GROSS: So here you have this cult leader, David Koresh, who believes
he's, what, the son of Jesus?

Mr. NOESNER: Well, he believed he was the lamb of God. I mean, he was
the son of God. He was David. And whether he totally believed it is
really not too important because his followers did. They totally bought
into him.

I think in many respects, David Koresh manifested a lot of the
traditional characteristics of an antisocial personality. He was very a
very manipulative individual. His control over his followers was his
primary goal, and religion was the vehicle and the instrument he used to
do that.

GROSS: Okay, so you are leading the team that was trying to negotiate
with him. Here you have this guy who believes he's the son of God. And
as you said, whether he believes that or not for sure, it doesn't matter
because his followers did.

He slept with many of the women who are his followers. He's the only one
who's allowed to have a TV.

(Soundbite of laughter)

Mr. NOESNER: Yes.

GROSS: It just goes from the profound to the ridiculous.

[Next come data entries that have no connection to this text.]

lemma Cf_reflects:
  assumes "card_order_on K r" and "x \<in> Pk K L"
    and stat: "strongly_stationary (kappa_x K r x) x (Cf K L f \<inter> Pk (x \<inter> K) x)"
  shows "x \<in> Cf K L f"
proof (rule ccontr)
  assume "x \<notin> Cf K L f"
  let ?k = "kappa_x K r x"
  have "Pk (x \<inter> K) x \<noteq> {}" using strongly_stationary_nonempty[OF stat] by blast
  then have "x \<inter> K \<noteq> {}" by (auto simp: Pk_empty)
  with \<open>x \<notin> Cf K L f\<close> assms(2) have "\<not> f ` Pk (x \<inter> K) x \<subseteq> Pk (x \<inter> K) x"
    unfolding Cf_def by blast
  then obtain y where y: "y \<in> Pk (x \<inter> K) x" and fy: "f y \<notin> Pk (x \<inter> K) x"
    by blast
  have "x \<inter> K \<in> Pk K L" by (rule Pk_subset[OF assms(2)]) blast
  then have "|x \<inter> K| <o |K|" unfolding Pk_def by blast
  then have "|x \<inter> K| \<le>o |?k|"
    by (rule card_order_set.card_of_Int_ordLeq_kappa_x[OF card_order_set.intro[OF assms(1)]])
  moreover have "y \<subseteq> x" "|y| <o |x \<inter> K|" using y unfolding Pk_def by blast+
  ultimately have "y \<in> Pk ?k x" unfolding Pk_def using ordLess_ordLeq_trans by blast
  moreover have "?k \<subseteq> K" unfolding kappa_x_def by blast
  ultimately obtain z where z: "z \<in> Cf K L f" "z \<in> Pk (x \<inter> K) x" "y \<in> Pk (z \<inter> K) z"
    using strongly_stationary_ex_mem_Pk[OF stat] by blast
  have "f y \<in> Pk (z \<inter> K) z" using z(1,3) unfolding Cf_def by blast
  moreover have "z \<subseteq> x" using z(2) unfolding Pk_def by blast
  then have "Pk (z \<inter> K) z \<subseteq> Pk (x \<inter> K) x" by (intro Pk_mono) blast+
  ultimately show False using fy by blast
qed
lemma I_part_mono:
  assumes R: "finite_partition R" and P: "finite_partition P" and refines: "refines UNIV R P"
  shows "I_part E \<Phi> R \<subseteq> I_part E \<Phi> P"
proof -
  obtain a b where edge: "E a b"
    using has_edge by blast
  obtain \<phi> where \<phi>: "\<forall>v\<in>V_part R. \<Phi> v = \<phi> (val_on v (I_part E \<Phi> R))"
    using determining_piece_I_part[OF R] by (auto simp: determining_piece_def)
  obtain \<psi> where \<psi>: "proper_coloring E (chromatic_number E) \<psi>"
      "\<forall>v\<in>V_part P. \<Phi> v = \<psi> (val_on v (I_part E \<Phi> P))"
    using determining_piece_I_part[OF P] by (auto simp: determining_piece_def)
  obtain Y where Y: "Y \<in> P" "I_part E \<Phi> R \<subseteq> Y"
    using refines I_part_mem[OF R] by (auto simp: refines_def)
  obtain x where x: "x \<in> I_part E \<Phi> R"
    using I_part_nonempty[OF R] by blast
  have agree: "\<forall>v\<in>V_part P. \<phi> (val_on v (I_part E \<Phi> R)) = \<psi> (val_on v (I_part E \<Phi> P))"
  proof
    fix v :: "'l \<Rightarrow> 'v" assume v: "v \<in> V_part P"
    have "v \<in> V_part R"
      using V_part_antimono[OF refines] v ..
    with \<phi> have "\<Phi> v = \<phi> (val_on v (I_part E \<Phi> R))" ..
    moreover have "\<Phi> v = \<psi> (val_on v (I_part E \<Phi> P))"
      using \<psi>(2) v ..
    ultimately show "\<phi> (val_on v (I_part E \<Phi> R)) = \<psi> (val_on v (I_part E \<Phi> P))"
      by simp
  qed
  have "partition_on UNIV P"
    using P by (simp add: finite_partition_def)
  from piece_eq_if_colorings_agree[OF this edge \<psi>(1) x Y(2,1) I_part_mem[OF P] agree]
  have "Y = I_part E \<Phi> P" .
  with Y(2) show ?thesis by simp
qed
lemma eventually_bounded_below_perturbation:
  fixes L :: "'x \<Rightarrow> 'a::euclidean_space \<Rightarrow> 'b::euclidean_space"
  assumes "linear L0" "inj L0" "\<And>x. linear (L x)" "\<And>z. ((\<lambda>x. L x z) \<longlongrightarrow> L0 z) F"
  obtains c where "c > 0" "\<forall>\<^sub>F x in F. \<forall>z. c * norm z \<le> norm (L x z)"
proof -
  obtain c where c: "c > 0" "\<And>z. c * norm z \<le> norm (L0 z)"
    using linear_inj_bounded_below_pos[OF assms(1,2)] by blast
  define e where "e x = (\<Sum>b\<in>Basis. norm (L x b - L0 b))" for x
  have "(e \<longlongrightarrow> (\<Sum>b\<in>(Basis::'a set). norm (L0 b - L0 b))) F"
    unfolding e_def by (intro tendsto_intros assms(4))
  then have "\<forall>\<^sub>F x in F. e x < c / 2"
    using c(1) by (intro order_tendstoD) auto
  then have "\<forall>\<^sub>F x in F. \<forall>z. c / 2 * norm z \<le> norm (L x z)"
  proof (rule eventually_mono, intro allI)
    fix x z
    assume small: "e x < c / 2"
    have "norm (L x z - L0 z) \<le> e x * norm z"
      unfolding e_def by (intro norm_linear_le_sum_Basis linear_compose_sub assms(1,3))
    also have "\<dots> \<le> c / 2 * norm z"
      using small by (intro mult_right_mono) auto
    finally have "norm (L x z - L0 z) \<le> c / 2 * norm z" .
    then show "c / 2 * norm z \<le> norm (L x z)"
      using c(2)[of z] norm_triangle_ineq2[of "L0 z" "L x z"] by (simp add: norm_minus_commute)
  qed
  then show thesis
    using c(1) by (intro that[of "c / 2"]) auto
qed

lemma eventually_surj_perturbation:
  fixes L :: "'x \<Rightarrow> 'a::euclidean_space \<Rightarrow> 'a"
  assumes "linear L0" "inj L0" "\<And>x. linear (L x)" "\<And>z. ((\<lambda>x. L x z) \<longlongrightarrow> L0 z) F"
  shows "\<forall>\<^sub>F x in F. surj (L x)"
proof -
  obtain c where c: "c > 0" "\<forall>\<^sub>F x in F. \<forall>z. c * norm z \<le> norm (L x z)"
    using eventually_bounded_below_perturbation[OF assms] by blast
  show ?thesis
  proof (rule eventually_mono[OF c(2)])
    fix x
    assume below: "\<forall>z. c * norm z \<le> norm (L x z)"
    have "z = 0" if "L x z = 0" for z
      using below[rule_format, of z] that c(1) by (simp add: mult_le_0_iff)
    then have "inj (L x)"
      using assms(3) by (auto simp: linear_inj_iff_eq_0)
    then show "surj (L x)"
      using assms(3) by (simp add: linear_injective_imp_surjective)
  qed
qed

lemma tendsto_linear_solution:
  fixes L :: "'x \<Rightarrow> 'a::euclidean_space \<Rightarrow> 'b::euclidean_space"
  assumes "linear L0" "inj L0" "\<And>x. linear (L x)" "\<And>z. ((\<lambda>x. L x z) \<longlongrightarrow> L0 z) F"
    and solves: "\<forall>\<^sub>F x in F. L x (z x) = r x" and "L0 z0 = r0" and "(r \<longlongrightarrow> r0) F"
  shows "(z \<longlongrightarrow> z0) F"
proof -
  obtain c where c: "c > 0" "\<forall>\<^sub>F x in F. \<forall>y. c * norm y \<le> norm (L x y)"
    using eventually_bounded_below_perturbation[OF assms(1-4)] by blast
  have "((\<lambda>x. norm (r x - L x z0) / c) \<longlongrightarrow> norm (r0 - L0 z0) / c) F"
    using c(1) by (intro tendsto_intros assms) auto
  then have lim: "((\<lambda>x. norm (r x - L x z0) / c) \<longlongrightarrow> 0) F"
    using assms(6) by simp
  have "\<forall>\<^sub>F x in F. norm (z x - z0) \<le> norm (r x - L x z0) / c"
    using c(2) solves
  proof eventually_elim
    case (elim x)
    have "c * norm (z x - z0) \<le> norm (L x (z x - z0))"
      using elim(1) by blast
    also have "\<dots> = norm (r x - L x z0)"
      using elim(2) assms(3) by (simp add: linear_diff)
    finally show ?case
      using c(1) by (simp add: pos_le_divide_eq mult.commute)
  qed
  then have "((\<lambda>x. z x - z0) \<longlongrightarrow> 0) F"
    by (rule Lim_null_comparison[OF _ lim])
  then show ?thesis
    by (simp add: LIM_zero_iff)
qed

lemma matrix_vector_mult_sum_left:
  fixes M :: "'i \<Rightarrow> real^'n^'m"
  shows "(\<Sum>i\<in>S. M i) *v d = (\<Sum>i\<in>S. M i *v d)"
  by (induction S rule: infinite_finite_induct) (auto simp: matrix_vector_mult_add_rdistrib)

lemma matrix_vector_mult_uminus_left:
  fixes M :: "real^'n^'m"
  shows "(- M) *v d = - (M *v d)"
  by (simp add: matrix_vector_mult_def sum_negf vec_eq_iff)

lemma is_orth_proj_matrixD:
  assumes "is_orth_proj_matrix P K"
  shows "P *v z \<in> K" and "y \<in> K \<Longrightarrow> (z - P *v z) \<bullet> y = 0"
  using assms unfolding is_orth_proj_matrix_def by auto

lemma is_orth_proj_matrix_fixes:
  assumes "is_orth_proj_matrix P K" "subspace K" "z \<in> K"
  shows "P *v z = z"
proof -
  have "z - P *v z \<in> K"
    using assms by (intro subspace_diff is_orth_proj_matrixD(1))
  then have "(z - P *v z) \<bullet> (z - P *v z) = 0"
    by (rule is_orth_proj_matrixD(2)[OF assms(1)])
  then show ?thesis
    by simp
qed

lemma is_orth_proj_matrix_idem:
  assumes "is_orth_proj_matrix P K" "subspace K"
  shows "P *v (P *v z) = P *v z"
  using assms by (intro is_orth_proj_matrix_fixes is_orth_proj_matrixD(1))
(* Let $R$ be a commutative ring with ${\rm char}(R)\neq 2$ and $R_2\neq\{0\}$, and let $G$ be a non-abelian group with classical involution $*$ (the $R$-linear map on $RG$ with $g\mapsto g^{-1}$ for $g\in G$). Then $(RG)^-_*$ is commutative if and only if one of the following holds: \begin{enumerate} \item $G=K\rtimes\langle x\rangle$, where $K=\langle g\in G\mid g^2\neq 1\rangle$ is abelian, $x^2=1$, $xkx=k^{-1}$ for all $k\in K$, and $R_2^2=\{0\}$; \item ${\rm char}(R)=4$, $G$ has exponent $4$, $G'$ is cyclic of order $2$, $G/G'$ is an elementary abelian $2$-group, and, if $R_2^2\neq\{0\}$, elements of order $2$ in $G$ commute with each other. \end{enumerate}
   Context: $(RG)^-_*=\{\alpha\in RG\mid \alpha^*=-\alpha\}$; $R_2=\{r\in R\mid 2r=0\}$; $R_2^2=\{0\}$ means $r_1r_2=0$ for all $r_1,r_2\in R_2$. $G'$ is the commutator subgroup of $G$. *)

theory Defs
  imports "HOL-Algebra.Algebra"
begin

definition grp_ring :: "('g, 'm) monoid_scheme \<Rightarrow> ('g \<Rightarrow> 'r::comm_ring_1) set" where
  "grp_ring G = {f. finite {g. f g \<noteq> 0} \<and> {g. f g \<noteq> 0} \<subseteq> carrier G}"

definition grp_ring_mult :: "('g, 'm) monoid_scheme \<Rightarrow> ('g \<Rightarrow> 'r::comm_ring_1) \<Rightarrow> ('g \<Rightarrow> 'r) \<Rightarrow> ('g \<Rightarrow> 'r)" where
  "grp_ring_mult G f h = (\<lambda>x. if x \<in> carrier G
      then (\<Sum>y\<in>{g. f g \<noteq> 0}. f y * h (inv\<^bsub>G\<^esub> y \<otimes>\<^bsub>G\<^esub> x)) else 0)"
lemma kform_sum:
  "kform k \<Omega> \<Longrightarrow> (\<And>i. i \<in> A \<Longrightarrow> D i \<in> chains k) \<Longrightarrow> \<Omega> (\<Sum>i\<in>A. D i) = (\<Sum>i\<in>A. \<Omega> (D i))"
  by (induction A rule: infinite_finite_induct)
    (auto simp: kform_zero kform_add subspace_sum[OF subspace_chains])

lemma kform_span_bound:
  assumes "X \<in> span B" "B \<subseteq> chains k"
    and "\<And>b. b \<in> B \<Longrightarrow> \<exists>c. \<forall>\<Omega>\<in>F. \<bar>\<Omega> b\<bar> \<le> c * N \<Omega>"
    and "\<And>\<Omega>. \<Omega> \<in> F \<Longrightarrow> kform k \<Omega>"
  obtains C where "\<And>\<Omega>. \<Omega> \<in> F \<Longrightarrow> \<bar>\<Omega> X\<bar> \<le> C * N \<Omega>"
proof -
  from assms(1) have "X \<in> chains k \<and> (\<exists>C. \<forall>\<Omega>\<in>F. \<bar>\<Omega> X\<bar> \<le> C * N \<Omega>)"
  proof (induction rule: span_induct_alt)
    case base
    have "\<forall>\<Omega>\<in>F. \<bar>\<Omega> 0\<bar> \<le> 0 * N \<Omega>"
      using kform_zero[OF assms(4)] by simp
    then show ?case
      using zero_in_chains by blast
  next
    case (step c b Y)
    obtain cb where cb: "\<forall>\<Omega>\<in>F. \<bar>\<Omega> b\<bar> \<le> cb * N \<Omega>"
      using assms(3)[OF step.hyps(1)] by blast
    obtain CY where CY: "\<forall>\<Omega>\<in>F. \<bar>\<Omega> Y\<bar> \<le> CY * N \<Omega>" and Y: "Y \<in> chains k"
      using step.IH by blast
    have b: "b \<in> chains k"
      using step.hyps(1) assms(2) by blast
    have "\<bar>\<Omega> (c *\<^sub>R b + Y)\<bar> \<le> (\<bar>c\<bar> * cb + CY) * N \<Omega>" if "\<Omega> \<in> F" for \<Omega>
    proof -
      have "\<bar>\<Omega> (c *\<^sub>R b + Y)\<bar> \<le> \<bar>c\<bar> * \<bar>\<Omega> b\<bar> + \<bar>\<Omega> Y\<bar>"
        using assms(4)[OF that] b Y
        by (simp add: kform_add kform_scaleR subspace_scale[OF subspace_chains] flip: abs_mult)
      also have "\<dots> \<le> \<bar>c\<bar> * (cb * N \<Omega>) + CY * N \<Omega>"
        using cb CY that by (intro add_mono mult_left_mono) auto
      finally show ?thesis
        by (simp add: algebra_simps)
    qed
    moreover have "c *\<^sub>R b + Y \<in> chains k"
      using subspace_add[OF subspace_chains subspace_scale[OF subspace_chains b] Y] .
    ultimately show ?case
      by blast
  qed
  then show ?thesis
    using that by blast
qed

section \<open>Gram determinants\<close>

lemma detk_eq_det: "detk n M = Determinant.det (Matrix.mat n n (\<lambda>(a, b). M a b))"
  unfolding detk_def det_def by (simp add: lessThan_atLeast0)

lemma detk_0 [simp]: "detk 0 M = 1"
  by (simp add: detk_def)

lemma detk_transpose: "detk n (\<lambda>a b. M b a) = detk n M"
proof -
  have "Matrix.mat n n (\<lambda>(a, b). M b a) = transpose_mat (Matrix.mat n n (\<lambda>(a, b). M a b))"
    by (auto simp: Matrix.mat_eq_iff)
  then show ?thesis
    unfolding detk_eq_det by (simp add: det_transpose[of _ n])
qed

lemma detk_identity: "detk n (\<lambda>a b. if a = b then 1 else 0) = 1"
proof -
  have "Matrix.mat n n (\<lambda>(a, b). if a = b then 1 else 0) = (1\<^sub>m n :: real Matrix.mat)"
    by (auto simp: Matrix.mat_eq_iff)
  then show ?thesis
    unfolding detk_eq_det by simp
qed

But anyways, he believes in the apocalypse. He believes that the end of
times is near. So how did that affect you and what your strategy was in
figuring out what a negotiation with him should be because if you
believe in the apocalypse, then you believe you might die soon, and any
conflagration is just further sign that yeah, the end is near, and
that's a good thing.

Mr. NOESNER: Yeah, I think it's important to say that, you know, the
Davidians prepared for the end times. They manufactured weapons and
modified them. They undertook training. They were prepared for the
government to come against them at some point in time. And obviously,
the raid that day by Alcohol, Tobacco and Firearms Bureau certainly was
not expected, but they were prepared for that sort of thing, and it fit
into their philosophy.

The real challenge for us was there had been significant loss of life.
Four ATF agents had been murdered. I think 17 were wounded. A number of
Davidians, we weren't sure, had been killed. So how do you get back on
track in terms of seeking a peaceful resolution on top of all this loss
of life?

Our goal was to convince them that they would be treated fairly, that
they would have their day in court. Interestingly, David Koresh had been
in a legal problem years before, and he'd gone to court, and he won. So
we tried to use that as an argument, that the courts could be fair, and
his side of the story could be told.

And we were also trying to demonstrate that in the FBI, we weren't
trying to attack them. And we tried to differentiate ourselves a little
bit from ATF, with ATF's consent. We did that purposely, saying hey,
we're here now to resolve this. We're going to investigate what
happened, and this is your opportunity to tell the world your side of
the story.

GROSS: What was your assessment of what your reasonable goals should be,
what you could actually accomplish?

Mr. NOESNER: Well, as with all cases I've worked, I believe the goal is
to get out as many people alive as we can. During the first half when I
was there, all 35 people that came out came out in that period.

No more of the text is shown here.